His other works were less successful. The literary critic Laurie Clancy said: "Porter's novels are, with one exception, less successful than his stories, not least because his scorn for most of his characters becomes wearying over the length of a novel." The exception, Clancy thought, was The Tilted Cross, a historical novel set in Hobart in the 1840s.

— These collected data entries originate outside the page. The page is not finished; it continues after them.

lemma holonomic_weak_limit:
  fixes N :: "nat \<Rightarrow> ('a \<times> 'b) measure"
  assumes "converges_weakly N \<nu>" and "prob_space \<nu>" and "sets \<nu> = sets borel"
    and defect_tendsto_0: "\<And>f :: 'a \<Rightarrow> real. continuous_on UNIV f \<Longrightarrow>
      (\<lambda>n. \<integral>\<omega>. f (\<tau> (snd \<omega>) (fst \<omega>)) - f (fst \<omega>) \<partial>N n) \<longlonglongrightarrow> 0"
  shows "holonomic \<tau> \<nu>"
  unfolding holonomic_def
proof (intro conjI assms allI impI)
  fix f :: "'a \<Rightarrow> real" assume f: "continuous_on UNIV f"
  have "(\<lambda>n. \<integral>\<omega>. f (\<tau> (snd \<omega>) (fst \<omega>)) - f (fst \<omega>) \<partial>N n)
      \<longlonglongrightarrow> (\<integral>\<omega>. f (\<tau> (snd \<omega>) (fst \<omega>)) - f (fst \<omega>) \<partial>\<nu>)"
    using assms(1) continuous_on_coboundary[OF f] by (simp add: converges_weakly_def)
  then show "(\<integral>\<omega>. f (\<tau> (snd \<omega>) (fst \<omega>)) - f (fst \<omega>) \<partial>\<nu>) = 0"
    using defect_tendsto_0[OF f] LIMSEQ_unique by blast
qed

lemma holonomic_weakly_convergent_subseq:
  fixes N :: "nat \<Rightarrow> ('a \<times> 'b) measure"
  assumes "\<And>n. holonomic \<tau> (N n)"
  shows "\<exists>d \<nu>. strict_mono d \<and> holonomic \<tau> \<nu> \<and> converges_weakly (N \<circ> d) \<nu>"
proof -
  obtain d \<nu> where d: "strict_mono d" and \<nu>: "prob_space \<nu>" "sets \<nu> = sets borel"
    and conv: "converges_weakly (N \<circ> d) \<nu>"
    using prob_seq_compact_weakly_convergent_subseq[OF compact_Omega, of N] assms
    by (auto simp: holonomic_def)
  have "holonomic \<tau> \<nu>"
    using assms by (intro holonomic_weak_limit[OF conv \<nu>]) (simp add: holonomic_def)
  with d conv show ?thesis by blast
qed

text \<open>Krylov--Bogolyubov: limits of the empirical measures of an orbit of a single
  map \<open>\<tau> \<theta>\<^sub>0\<close> are holonomic, since their defects telescope.\<close>
lemma holonomic_exists: "\<exists>\<nu>. holonomic \<tau> \<nu>"
proof -
  define \<theta>\<^sub>0 :: 'b where "\<theta>\<^sub>0 = undefined"
  define x\<^sub>0 :: 'a where "x\<^sub>0 = undefined"
  define orbit where "orbit k = ((\<tau> \<theta>\<^sub>0) ^^ k) x\<^sub>0" for k
  define N where "N n = distr (measure_pmf (pmf_of_set {..<Suc n})) borel (\<lambda>k. (orbit k, \<theta>\<^sub>0))" for n
  have meas: "(\<lambda>k. (orbit k, \<theta>\<^sub>0)) \<in> measurable (measure_pmf (pmf_of_set {..<Suc n})) borel" for n
    by simp
  have prob: "prob_space (N n)" and sets: "sets (N n) = sets borel" for n
    unfolding N_def by (auto intro: prob_space.prob_space_distr[OF prob_space_measure_pmf meas])
  have integral_N: "(\<integral>\<omega>. h \<omega> \<partial>N n) = (\<Sum>k<Suc n. h (orbit k, \<theta>\<^sub>0)) / real (Suc n)"
    if "h \<in> borel_measurable borel" for n and h :: "'a \<times> 'b \<Rightarrow> real"
    unfolding N_def integral_distr[OF meas that] by (subst integral_pmf_of_set) auto
  obtain d \<nu> where d: "strict_mono d" and \<nu>: "prob_space \<nu>" "sets \<nu> = sets borel"
    and conv: "converges_weakly (N \<circ> d) \<nu>"
    using prob_seq_compact_weakly_convergent_subseq[OF compact_Omega, of N] prob sets by blast
  have "holonomic \<tau> \<nu>"
  proof (rule holonomic_weak_limit[OF conv \<nu>])
    fix f :: "'a \<Rightarrow> real" assume f: "continuous_on UNIV f"
    obtain B where B: "\<And>x. \<bar>f x\<bar> \<le> B" using continuous_on_compact_UNIV_bounded[OF compact_X f] by blast
    have defect: "(\<integral>\<omega>. f (\<tau> (snd \<omega>) (fst \<omega>)) - f (fst \<omega>) \<partial>N n)
        = (f (orbit (Suc n)) - f (orbit 0)) / real (Suc n)" for n
    proof -
      have "(\<integral>\<omega>. f (\<tau> (snd \<omega>) (fst \<omega>)) - f (fst \<omega>) \<partial>N n)
          = (\<Sum>k<Suc n. f (orbit (Suc k)) - f (orbit k)) / real (Suc n)"
        using borel_measurable_continuous_onI[OF continuous_on_coboundary[OF f]]
        by (simp add: integral_N orbit_def)
      then show ?thesis using sum_lessThan_telescope[of "\<lambda>k. f (orbit k)" "Suc n"] by simp
    qed
    have "(\<lambda>n. \<integral>\<omega>. f (\<tau> (snd \<omega>) (fst \<omega>)) - f (fst \<omega>) \<partial>N n) \<longlonglongrightarrow> 0"
      using bounded_diff_div_Suc_tendsto_0[of "\<lambda>k. f (orbit k)", OF B] by (simp add: defect)
    then show "(\<lambda>n. \<integral>\<omega>. f (\<tau> (snd \<omega>) (fst \<omega>)) - f (fst \<omega>) \<partial>(N \<circ> d) n) \<longlonglongrightarrow> 0"
      using LIMSEQ_subseq_LIMSEQ[OF _ d] by (simp add: comp_def)
  qed
  then show ?thesis by blast
qed

end

section \<open>Pressure and equilibrium states\<close>

lemma fst_measurable_borel:
  fixes \<nu> :: "('a::topological_space \<times> 'b::topological_space) measure"
  assumes "sets \<nu> = sets borel"
  shows "fst \<in> measurable \<nu> borel"
proof -
  have "(\<lambda>\<omega> :: 'a \<times> 'b. fst \<omega>) \<in> borel_measurable borel"
    by (intro borel_measurable_continuous_onI continuous_intros)
  then show ?thesis by (subst measurable_cong_sets[OF assms refl]) simp
qed

lemma integral_marg:
  fixes \<nu> :: "('a::topological_space \<times> 'b::topological_space) measure" and h :: "'a \<Rightarrow> real"
  assumes "sets \<nu> = sets borel" and "h \<in> borel_measurable borel"
  shows "(\<integral>x. h x \<partial>marg \<nu>) = (\<integral>\<omega>. h (fst \<omega>) \<partial>\<nu>)"
  unfolding marg_def by (rule integral_distr[OF fst_measurable_borel[OF assms(1)] assms(2)])

lemma prob_space_marg:
  fixes \<nu> :: "('a::topological_space \<times> 'b::topological_space) measure"
  assumes "prob_space \<nu>" and "sets \<nu> = sets borel"
  shows "prob_space (marg \<nu>)"
  unfolding marg_def by (rule prob_space.prob_space_distr[OF assms(1) fst_measurable_borel[OF assms(2)]])

lemma sets_marg: "sets (marg \<nu>) = sets borel"
  by (simp add: marg_def)

lemma converges_weakly_marg:
  fixes N :: "nat \<Rightarrow> ('a::topological_space \<times> 'b::topological_space) measure"
  assumes "converges_weakly N \<nu>" and "\<And>n. sets (N n) = sets borel" and "sets \<nu> = sets borel"
  shows "converges_weakly (\<lambda>n. marg (N n)) (marg \<nu>)"
  unfolding converges_weakly_def
proof (intro allI impI)
  fix h :: "'a \<Rightarrow> real" assume h: "continuous_on UNIV h"
  then have "continuous_on UNIV (\<lambda>\<omega> :: 'a \<times> 'b. h (fst \<omega>))"
    by (intro continuous_on_compose2[OF h] continuous_intros) auto
  then show "(\<lambda>n. \<integral>x. h x \<partial>marg (N n)) \<longlonglongrightarrow> (\<integral>x. h x \<partial>marg \<nu>)"
    using assms borel_measurable_continuous_onI[OF h]
    by (simp add: converges_weakly_def integral_marg)
qed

On 24 July 1983 he was knocked down by a hit-and-run driver in Ballarat and received brain damage. He died on 29 September 1984.

Honours
In the 1982 Queen's Birthday Honours Porter was made a Member of the Order of Australia (AM) for service to literature. The life and work of Porter has also been honoured since 2006 through the annual Hal Porter Short Story Competition, under the auspices of the East Gippsland Art Gallery, in Bairnsdale, Victoria, Australia.

Posthumous reputation
After Porter's death, his friend and biographer Mary Lord revealed in her book Hal Porter: Man of Many Parts that Porter had had sexual relations with Lord's then ten-year-old son; despite this, she chose to remain friends with him. Other critics, notably Noel Rowe, have argued that a close reading of his various works reveals a strong interest in paedophilia.

Bibliography 

Poetry
 The Hexagon (1956)
 Elijah's Ravens (1968)
 In an Australian Graveyard (1974)

Novels
 A Handful of Pennies (1958)
 The Tilted Cross (1961)
 The Right Thing (1971)

Short story collections
 A Bachelor's Children (1962)
 Short Stories (1942)
 The Cats of Venice (1965)
 The Actors: An image of the new Japan (1968)
 Mr. Butterfry and Other Tales of New Japan (1970)
 Selected Stories (1971)
 Fredo Fuss Love Life (1974)
 The Portable Hal Porter (1978)
 The Clairvoyant Goat (1981)

Memoirs
 The Watcher on the Cast-Iron Balcony (1963)
 The Paper Chase (1966)
 Criss-Cross (1973)
 The Extra (1975)

Local History
 Bairnsdale: Portrait of an Australian country town (1977)

Drama
 The Tower (1963)
 The Professor (1966)
 Eden House (1969)

External links 
 First Person - Hal Porter, Watcher from the Cast-Iron Balcony at Radio National
 Hill of Content Bookshop Hal Porter Short Story Competition
 "No one but I will know": Hal Porter’s Honesty by Noel Rowe
 Hal Porter Short Story Prize

References 
Craven, Peter. "Porter: friend and betrayer," The Australian, 15–16 January 1994, Review 3.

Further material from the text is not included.